CCPA requires businesses to either affirmatively state that they do not sell information or provide a “Do Not Sell” link/button allowing consumers to “opt-out” of the sale of their information. The definition of selling goes beyond an exchange for monetary consideration to include exchanges for valuable consideration. In sum, this definition may include a wide variety of widgets used on websites for various purposes if the widgets collect and share information about site users with third parties and the business realizes a benefit from the use of these widgets. The adtech industry that is responsible for behavioral advertising involves a large number of behind-the-scenes participants. It is standard practice in that industry for those participants to build profiles on individuals from this data, which they in turn can use for their own benefit. Prior to the CCPA there was little restriction on this use and arguably the CCPA was drafted with the intent of classifying these practices as selling. There were not meaningful carve-outs or changes to the scope of the CCPA regarding this issue prior to it being signed into law, but many adtech providers were apparently waiting until it was signed to take a position on their compliance.

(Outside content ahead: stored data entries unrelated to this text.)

(* Let $n>5f$. The convergence algorithm described in the context, executed by $n$ robots of which at most $f$ are Byzantine, in the CORDA model under a fully asynchronous scheduler, is cautious.
   Context: Setting: $n$ robots on the real line, of which at most $f$ are Byzantine (arbitrary behaviour, positions chosen by an adversary). Robots are anonymous, oblivious, have no common orientation, and have unlimited visibility with strong multiplicity detection. Each correct robot runs Look–Compute–Move cycles. In a Move, the adversary may stop robot $i$ only after it has moved at least $\delta_i>0$ toward its destination (or reached it). In the CORDA model, phases of different robots interleave arbitrarily, so computations may use outdated snapshots. A fully asynchronous scheduler only guarantees that every robot is activated infinitely often. Algorithm: with snapshot sorted $P_1\le\dots\le P_n$ and own position $x_i$, robot $i$ is elected iff $x_i\le P_{f+1}$ or $x_i\ge P_{n-f}$. If elected, it moves toward the midpoint of $\min(x_i,P_{2f+1})$ and $\max(x_i,P_{n-2f})$. This midpoint is the center of $trim^i_{2f}(P)$, the multiset obtained by removing, among the $2f$ smallest positions, those smaller than $x_i$, and, among the $2f$ largest positions, those larger than $x_i$. Cautious: let $D_i(t)$ be the last destination computed by robot $i$ at or before $t$, and $U^i(t)$ the positions of correct robots in $i$'s last observation. The algorithm is cautious if both of the following hold: - $D_i(t)\in[\min U^i(t),\max U^i(t)]$ for every correct $i$ and every $t$; - whenever the correct robots are not all at one point at time $t$, some correct robot $i$ at some time $t'>t$ has $D_i(t')$ different from its position. *)

theory Defs
  imports "HOL-Analysis.Analysis"
begin

text \<open>
  Robots are indexed by \<open>{..<n}\<close>; \<open>B\<close> is the set of Byzantine robots.
  \<open>pos t j\<close> is the position of robot \<open>j\<close> at time \<open>t\<close> (Byzantine positions are arbitrary).
  For a correct robot \<open>i\<close>, its \<open>k\<close>-th cycle starts with an (instantaneous) Look at time
  \<open>L i k\<close>, whose snapshot determines the destination; its Move ends at time \<open>E i k\<close>.
  Between \<open>L i k\<close> and \<open>E i k\<close> the robot may wait (Compute delay) and moves continuously
  and monotonically toward its destination; between \<open>E i k\<close> and \<open>L i (k+1)\<close> it stays still.
\<close>

text \<open>The \<open>m\<close>-th smallest element (1-based) of a list of reals.\<close>
definition kth :: "real list \<Rightarrow> nat \<Rightarrow> real" where
  "kth xs m = sort xs ! (m - 1)"

text \<open>The algorithm: snapshot \<open>P\<close> (all \<open>n\<close> positions) and own position \<open>x\<close>.
  Non-elected robots compute their own position as destination (null move).\<close>
definition dest :: "nat \<Rightarrow> nat \<Rightarrow> real list \<Rightarrow> real \<Rightarrow> real" where
  "dest n f P x =
     (if x \<le> kth P (f + 1) \<or> x \<ge> kth P (n - f)
      then (min x (kth P (2 * f + 1)) + max x (kth P (n - 2 * f))) / 2
      else x)"

definition snapshot :: "nat \<Rightarrow> (real \<Rightarrow> nat \<Rightarrow> real) \<Rightarrow> real \<Rightarrow> real list" where
  "snapshot n pos t = map (pos t) [0..<n]"

definition cycle_dest ::
  "nat \<Rightarrow> nat \<Rightarrow> (real \<Rightarrow> nat \<Rightarrow> real) \<Rightarrow> (nat \<Rightarrow> nat \<Rightarrow> real) \<Rightarrow> nat \<Rightarrow> nat \<Rightarrow> real" where
  "cycle_dest n f pos L i k = dest n f (snapshot n pos (L i k)) (pos (L i k) i)"

definition corda_execution ::
  "nat \<Rightarrow> nat \<Rightarrow> nat set \<Rightarrow> (nat \<Rightarrow> real) \<Rightarrow> (real \<Rightarrow> nat \<Rightarrow> real)
   \<Rightarrow> (nat \<Rightarrow> nat \<Rightarrow> real) \<Rightarrow> (nat \<Rightarrow> nat \<Rightarrow> real) \<Rightarrow> bool" where
  "corda_execution n f B \<delta> pos L E \<longleftrightarrow>
     B \<subseteq> {..<n} \<and> card B \<le> f \<and>
     (\<forall>i \<in> {..<n} - B.
        \<delta> i > 0 \<and>
        0 \<le> L i 0 \<and>
        (\<forall>k. L i k \<le> E i k \<and> E i k \<le> L i (Suc k) \<and> L i k < L i (Suc k)) \<and>
        \<comment> \<open>fairness: infinitely many activations, at unbounded times\<close>
        (\<forall>T. \<exists>k. T < L i k) \<and>
        \<comment> \<open>before the first Look the robot does not move\<close>
        (\<forall>t \<in> {0..L i 0}. pos t i = pos 0 i) \<and>
        (\<forall>k. let s = pos (L i k) i; d = cycle_dest n f pos L i k in
           \<comment> \<open>move phase: continuous, monotone toward the destination, no overshoot\<close>
           continuous_on {L i k..E i k} (\<lambda>t. pos t i) \<and>
           (\<forall>t \<in> {L i k..E i k}. min s d \<le> pos t i \<and> pos t i \<le> max s d) \<and>
           (\<forall>t1 t2. L i k \<le> t1 \<and> t1 \<le> t2 \<and> t2 \<le> E i k \<longrightarrow>
                     \<bar>d - pos t2 i\<bar> \<le> \<bar>d - pos t1 i\<bar>) \<and>
           \<comment> \<open>the adversary stops the robot only after it moved at least \<open>\<delta> i\<close> or reached \<open>d\<close>\<close>
           (pos (E i k) i = d \<or> \<bar>pos (E i k) i - s\<bar> \<ge> \<delta> i) \<and>
           \<comment> \<open>idle between the end of the Move and the next Look\<close>
           (\<forall>t \<in> {E i k..L i (Suc k)}. pos t i = pos (E i k) i)))"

The default use of many adtech and related widgets may fall into the definition of “selling” under CCPA if a business can be considered to be providing data to a third party through the widgets and the business is getting a benefit from doing so. If so, the remaining question is whether there is some exception that makes the particular practice meet an exception to “selling” under CCPA. There are two possible applicable exceptions to selling. The first is that even if it would otherwise be considered selling, if the consumer directs the business to share it, it would not be considered selling. This allows for the possibility that a consumer wants a business to share for a particular reason, but it requires more than passive consent. To be used in the adtech context the direction required would be much more onerous than a “Do Not Sell” opt-out because it would effectively be an opt-in and also limit the use to whatever particular consent was obtained, so that option is not really viable. The remaining viable exception is when the “business uses or shares with a service provider personal information of a consumer that is necessary to perform a business purpose...” If this exception is met, the practice is not considered selling and a “Do Not Sell” link or button is not required (as to that practice).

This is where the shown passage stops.